__Problem__. Please copy out the entries below exactly, beginning with the line that contains "(intro convex_Times) auto" and ending with the line that contains "qed (use su_rate_or_consumed_power_strict[OF", and include nothing outside that span.

__Recorded data__.
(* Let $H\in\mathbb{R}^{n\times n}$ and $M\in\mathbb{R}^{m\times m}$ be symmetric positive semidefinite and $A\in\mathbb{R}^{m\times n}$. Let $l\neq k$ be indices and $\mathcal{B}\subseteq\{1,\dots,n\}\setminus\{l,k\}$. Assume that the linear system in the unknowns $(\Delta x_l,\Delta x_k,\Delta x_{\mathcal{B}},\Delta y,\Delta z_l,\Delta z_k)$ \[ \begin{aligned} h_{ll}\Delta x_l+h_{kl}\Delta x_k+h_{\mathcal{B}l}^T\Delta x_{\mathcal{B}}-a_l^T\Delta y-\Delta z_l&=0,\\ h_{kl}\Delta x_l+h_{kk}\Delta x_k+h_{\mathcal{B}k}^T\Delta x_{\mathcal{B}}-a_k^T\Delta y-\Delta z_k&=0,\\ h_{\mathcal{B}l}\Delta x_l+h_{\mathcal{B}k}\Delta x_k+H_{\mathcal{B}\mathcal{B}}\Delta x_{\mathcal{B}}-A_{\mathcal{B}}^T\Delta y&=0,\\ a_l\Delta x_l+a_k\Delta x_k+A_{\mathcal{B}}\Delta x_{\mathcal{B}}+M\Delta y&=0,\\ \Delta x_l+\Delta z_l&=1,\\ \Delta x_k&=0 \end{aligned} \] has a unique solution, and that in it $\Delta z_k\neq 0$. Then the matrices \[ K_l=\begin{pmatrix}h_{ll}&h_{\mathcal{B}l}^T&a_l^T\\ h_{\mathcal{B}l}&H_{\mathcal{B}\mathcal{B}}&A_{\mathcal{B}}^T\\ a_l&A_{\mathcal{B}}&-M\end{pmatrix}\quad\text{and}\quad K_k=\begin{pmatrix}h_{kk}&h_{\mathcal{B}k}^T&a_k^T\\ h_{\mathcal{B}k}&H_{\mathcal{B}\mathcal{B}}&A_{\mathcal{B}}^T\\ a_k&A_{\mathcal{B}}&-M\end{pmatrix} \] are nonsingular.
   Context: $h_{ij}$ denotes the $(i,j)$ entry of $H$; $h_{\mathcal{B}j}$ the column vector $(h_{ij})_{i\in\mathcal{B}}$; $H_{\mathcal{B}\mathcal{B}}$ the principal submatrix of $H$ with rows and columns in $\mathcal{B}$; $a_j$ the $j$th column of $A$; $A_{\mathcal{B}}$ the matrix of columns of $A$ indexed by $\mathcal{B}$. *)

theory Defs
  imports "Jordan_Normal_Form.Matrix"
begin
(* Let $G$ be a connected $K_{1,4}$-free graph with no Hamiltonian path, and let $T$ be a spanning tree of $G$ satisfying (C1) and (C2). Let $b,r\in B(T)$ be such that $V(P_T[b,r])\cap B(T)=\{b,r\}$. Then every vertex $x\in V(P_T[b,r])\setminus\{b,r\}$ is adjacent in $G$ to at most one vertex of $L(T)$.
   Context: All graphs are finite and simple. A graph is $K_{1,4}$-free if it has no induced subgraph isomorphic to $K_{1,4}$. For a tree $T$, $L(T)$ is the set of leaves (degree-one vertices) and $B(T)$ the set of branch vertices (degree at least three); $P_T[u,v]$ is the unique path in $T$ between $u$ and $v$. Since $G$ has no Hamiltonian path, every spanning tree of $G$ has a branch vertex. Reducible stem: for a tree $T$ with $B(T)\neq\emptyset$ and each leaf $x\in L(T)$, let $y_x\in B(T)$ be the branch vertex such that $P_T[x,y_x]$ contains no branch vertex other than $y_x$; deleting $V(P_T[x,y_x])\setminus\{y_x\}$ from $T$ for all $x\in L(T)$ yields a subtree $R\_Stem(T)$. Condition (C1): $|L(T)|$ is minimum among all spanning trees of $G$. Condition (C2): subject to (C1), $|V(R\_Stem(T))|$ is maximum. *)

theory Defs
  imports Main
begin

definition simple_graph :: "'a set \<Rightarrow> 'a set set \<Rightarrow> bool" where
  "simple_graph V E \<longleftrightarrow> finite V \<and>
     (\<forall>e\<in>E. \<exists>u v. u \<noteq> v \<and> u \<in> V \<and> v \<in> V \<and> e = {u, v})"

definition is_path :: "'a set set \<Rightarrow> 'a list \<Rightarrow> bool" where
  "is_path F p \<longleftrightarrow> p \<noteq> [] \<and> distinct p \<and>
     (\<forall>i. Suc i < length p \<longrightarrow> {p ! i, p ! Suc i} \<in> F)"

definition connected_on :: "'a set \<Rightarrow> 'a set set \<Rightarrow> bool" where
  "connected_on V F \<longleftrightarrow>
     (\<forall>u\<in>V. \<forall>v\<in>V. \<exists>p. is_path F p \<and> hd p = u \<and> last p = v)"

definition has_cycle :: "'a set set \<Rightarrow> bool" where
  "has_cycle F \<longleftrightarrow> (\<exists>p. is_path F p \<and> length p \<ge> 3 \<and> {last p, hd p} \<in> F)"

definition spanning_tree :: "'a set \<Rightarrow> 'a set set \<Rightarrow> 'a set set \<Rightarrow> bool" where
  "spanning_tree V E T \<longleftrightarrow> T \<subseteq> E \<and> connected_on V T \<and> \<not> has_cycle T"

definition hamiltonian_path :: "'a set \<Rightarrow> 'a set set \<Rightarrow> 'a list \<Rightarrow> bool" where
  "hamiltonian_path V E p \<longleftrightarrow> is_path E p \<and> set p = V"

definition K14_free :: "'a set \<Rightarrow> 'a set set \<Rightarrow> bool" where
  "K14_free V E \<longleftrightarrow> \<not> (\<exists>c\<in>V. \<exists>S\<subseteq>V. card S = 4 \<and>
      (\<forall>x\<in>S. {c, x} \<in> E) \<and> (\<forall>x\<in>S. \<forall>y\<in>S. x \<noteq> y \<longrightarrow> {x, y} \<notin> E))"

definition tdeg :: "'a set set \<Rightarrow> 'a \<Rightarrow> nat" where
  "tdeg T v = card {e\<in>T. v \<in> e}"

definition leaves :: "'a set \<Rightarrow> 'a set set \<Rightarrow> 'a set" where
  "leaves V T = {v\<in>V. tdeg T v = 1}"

...

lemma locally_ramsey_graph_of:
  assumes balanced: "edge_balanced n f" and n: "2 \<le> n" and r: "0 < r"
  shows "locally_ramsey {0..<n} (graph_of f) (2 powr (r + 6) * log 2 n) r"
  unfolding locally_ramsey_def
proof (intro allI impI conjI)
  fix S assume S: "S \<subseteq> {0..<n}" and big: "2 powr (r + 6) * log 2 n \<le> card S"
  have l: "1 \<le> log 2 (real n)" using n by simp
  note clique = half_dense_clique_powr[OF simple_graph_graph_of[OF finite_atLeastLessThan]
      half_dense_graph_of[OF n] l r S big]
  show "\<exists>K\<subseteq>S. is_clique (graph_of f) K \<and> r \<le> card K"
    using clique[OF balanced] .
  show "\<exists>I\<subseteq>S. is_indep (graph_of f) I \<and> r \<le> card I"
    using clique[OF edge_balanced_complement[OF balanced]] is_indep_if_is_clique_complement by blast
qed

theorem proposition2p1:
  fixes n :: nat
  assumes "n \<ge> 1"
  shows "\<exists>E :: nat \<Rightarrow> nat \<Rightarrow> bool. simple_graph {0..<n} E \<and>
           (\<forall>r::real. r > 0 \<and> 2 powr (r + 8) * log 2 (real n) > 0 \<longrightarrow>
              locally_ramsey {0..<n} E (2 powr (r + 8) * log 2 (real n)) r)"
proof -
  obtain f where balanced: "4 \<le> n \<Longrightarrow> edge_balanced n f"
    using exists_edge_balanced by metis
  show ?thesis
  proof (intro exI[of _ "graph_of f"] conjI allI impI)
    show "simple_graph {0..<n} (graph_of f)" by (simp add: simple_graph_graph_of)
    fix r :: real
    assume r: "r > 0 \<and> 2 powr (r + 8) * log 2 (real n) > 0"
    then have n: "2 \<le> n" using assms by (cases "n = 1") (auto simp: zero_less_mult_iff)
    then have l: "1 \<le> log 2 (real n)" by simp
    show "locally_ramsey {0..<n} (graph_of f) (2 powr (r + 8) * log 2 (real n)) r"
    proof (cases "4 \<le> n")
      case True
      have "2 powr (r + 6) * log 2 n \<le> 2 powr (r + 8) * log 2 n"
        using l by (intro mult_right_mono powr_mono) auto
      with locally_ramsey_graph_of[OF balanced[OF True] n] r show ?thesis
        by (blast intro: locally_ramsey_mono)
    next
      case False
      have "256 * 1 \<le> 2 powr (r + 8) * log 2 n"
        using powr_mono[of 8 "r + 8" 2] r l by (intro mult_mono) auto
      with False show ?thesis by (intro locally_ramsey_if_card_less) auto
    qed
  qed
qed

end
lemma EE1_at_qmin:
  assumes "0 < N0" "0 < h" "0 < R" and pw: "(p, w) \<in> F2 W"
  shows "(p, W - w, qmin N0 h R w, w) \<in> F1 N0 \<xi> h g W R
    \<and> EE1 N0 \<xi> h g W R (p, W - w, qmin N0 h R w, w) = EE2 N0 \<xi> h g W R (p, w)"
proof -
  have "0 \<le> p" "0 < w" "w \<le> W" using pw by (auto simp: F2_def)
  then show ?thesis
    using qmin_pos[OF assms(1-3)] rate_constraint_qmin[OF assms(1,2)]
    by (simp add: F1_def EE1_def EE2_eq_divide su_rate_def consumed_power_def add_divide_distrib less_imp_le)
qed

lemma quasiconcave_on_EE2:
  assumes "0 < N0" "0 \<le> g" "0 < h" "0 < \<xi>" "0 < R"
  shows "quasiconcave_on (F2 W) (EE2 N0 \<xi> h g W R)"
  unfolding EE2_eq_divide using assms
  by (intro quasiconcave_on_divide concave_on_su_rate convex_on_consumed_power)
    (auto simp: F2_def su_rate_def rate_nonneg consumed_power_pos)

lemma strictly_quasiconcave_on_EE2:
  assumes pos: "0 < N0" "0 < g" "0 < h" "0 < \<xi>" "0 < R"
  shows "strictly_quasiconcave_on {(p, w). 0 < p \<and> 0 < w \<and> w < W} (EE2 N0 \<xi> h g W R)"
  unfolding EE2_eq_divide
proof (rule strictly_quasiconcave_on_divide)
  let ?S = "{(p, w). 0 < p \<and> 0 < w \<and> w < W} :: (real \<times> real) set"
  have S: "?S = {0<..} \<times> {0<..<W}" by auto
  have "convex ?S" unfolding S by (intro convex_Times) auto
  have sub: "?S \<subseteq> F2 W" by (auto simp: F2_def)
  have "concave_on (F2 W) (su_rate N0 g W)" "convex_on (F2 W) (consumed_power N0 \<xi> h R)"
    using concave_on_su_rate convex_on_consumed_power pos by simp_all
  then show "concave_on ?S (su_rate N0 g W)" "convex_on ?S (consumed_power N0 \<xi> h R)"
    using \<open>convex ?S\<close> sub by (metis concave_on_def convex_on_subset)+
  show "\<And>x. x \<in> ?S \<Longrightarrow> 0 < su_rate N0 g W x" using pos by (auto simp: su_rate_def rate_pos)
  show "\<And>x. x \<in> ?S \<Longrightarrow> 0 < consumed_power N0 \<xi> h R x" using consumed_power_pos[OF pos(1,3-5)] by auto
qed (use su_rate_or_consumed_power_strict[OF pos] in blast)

__Task answer__.
  have "convex ?S" unfolding S by (intro convex_Times) auto
  have sub: "?S \<subseteq> F2 W" by (auto simp: F2_def)
  have "concave_on (F2 W) (su_rate N0 g W)" "convex_on (F2 W) (consumed_power N0 \<xi> h R)"
    using concave_on_su_rate convex_on_consumed_power pos by simp_all
  then show "concave_on ?S (su_rate N0 g W)" "convex_on ?S (consumed_power N0 \<xi> h R)"
    using \<open>convex ?S\<close> sub by (metis concave_on_def convex_on_subset)+
  show "\<And>x. x \<in> ?S \<Longrightarrow> 0 < su_rate N0 g W x" using pos by (auto simp: su_rate_def rate_pos)
  show "\<And>x. x \<in> ?S \<Longrightarrow> 0 < consumed_power N0 \<xi> h R x" using consumed_power_pos[OF pos(1,3-5)] by auto
qed (use su_rate_or_consumed_power_strict[OF pos] in blast)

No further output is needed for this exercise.